Reputation: 105
I need to sort a CSV table by the column name. The data I get in CSV has various number of columns, but the column name is static. This is the data I have:
X,Blue,Black,Red,Green,Total
Thomas,2,0,0,0,2
Andy,0,1,0,0,1
Luise,0,0,2,1,3
Mark,1,0,0,1,2
Ronda,0,1,0,1,2
Pretty print:
X Blue Black Red Green Total
Thomas 2 0 0 0 2
Andy 0 1 0 0 1
Luise 0 0 2 1 3
Mark 1 0 0 1 2
Ronda 0 1 0 1 2
Normally I could just sort by row[5]
but if I get a table without any Greens, or a table with additional column - Yellow, it will no longer work.

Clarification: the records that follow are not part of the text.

(* Let $0<x_{0}<x_{1}<\infty$, $g\in C^{1}[x_{0},x_{1}]$ with $g>0$ on $[x_{0},x_{1}]$, $w\in C[x_{0},x_{1}]$ with $w\ge0$ a.e., and $q\in L^{\infty}[x_{0},x_{1}]$ with $q\ge0$ a.e. On $H=L^{1}[x_{0},x_{1}]$ define $\mathcal{L}[p]=-(gp)'-wp$ with domain $\mathcal{D}(\mathcal{L})=\{\phi\in H:(g\phi)'\in H,\ (g\phi)(x_{0})=\int_{x_{0}}^{x_{1}}q(x)\phi(x)\,dx\}$. Define $$\xi(\lambda)=\int_{x_{0}}^{x_{1}}\frac{q(x)}{g(x)}\exp\left(-\int_{x_{0}}^{x}\frac{\lambda+w(s)}{g(s)}\,ds\right)dx-1,\qquad \lambda\in\mathbb{C}.$$ Then the spectrum of $\mathcal{L}$ equals its point spectrum, and for $\lambda\in\mathbb{C}$: $\lambda\in\sigma_{p}(\mathcal{L})=\sigma(\mathcal{L})$ if and only if $\xi(\lambda)=0$.
   Context: $\sigma_p(\mathcal{L})$ denotes the set of eigenvalues of $\mathcal{L}$ (those $\lambda$ with $\mathcal{L}\phi=\lambda\phi$ for some nonzero $\phi\in\mathcal{D}(\mathcal{L})$). *)

theory Defs
  imports "HOL-Analysis.Analysis"
begin

text \<open>The Banach space H = L^1[x0,x1] of complex-valued functions, elements are
  represented by functions real => complex, identified up to equality a.e.
  with respect to Lebesgue measure on [x0,x1].\<close>

abbreviation Iv :: "real \<Rightarrow> real \<Rightarrow> real measure" where
  "Iv a b \<equiv> lebesgue_on {a..b}"

definition L1norm :: "real \<Rightarrow> real \<Rightarrow> (real \<Rightarrow> complex) \<Rightarrow> real" where
  "L1norm a b f = integral\<^sup>L (Iv a b) (\<lambda>x. cmod (f x))"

Therefore the question is, how can I sort this CSV file by the column named Total
?
Can only use core python modules, no pandas. :(
Upvotes: 7
Views: 12668
Reputation: 46759
If you need to sort using a column name, it would be best to read your file using a Python csv.DictReader()
object as follows:
import csv
with open('input.csv', 'r', newline='') as f_input:
csv_input = csv.DictReader(f_input)
data = sorted(csv_input, key=lambda row: (row['Total'], row['X']))
with open('output.csv', 'w', newline='') as f_output:
csv_output = csv.DictWriter(f_output, fieldnames=csv_input.fieldnames)
csv_output.writeheader()
csv_output.writerows(data)
This would then allow you to sort based on the Total
column regardless of where it is. The csv.DictReader()
reads each row as a dictionary, using the first row as a header. The header values can then be used as dictionary keys to access items rather than using positional values with a normal csv.reader()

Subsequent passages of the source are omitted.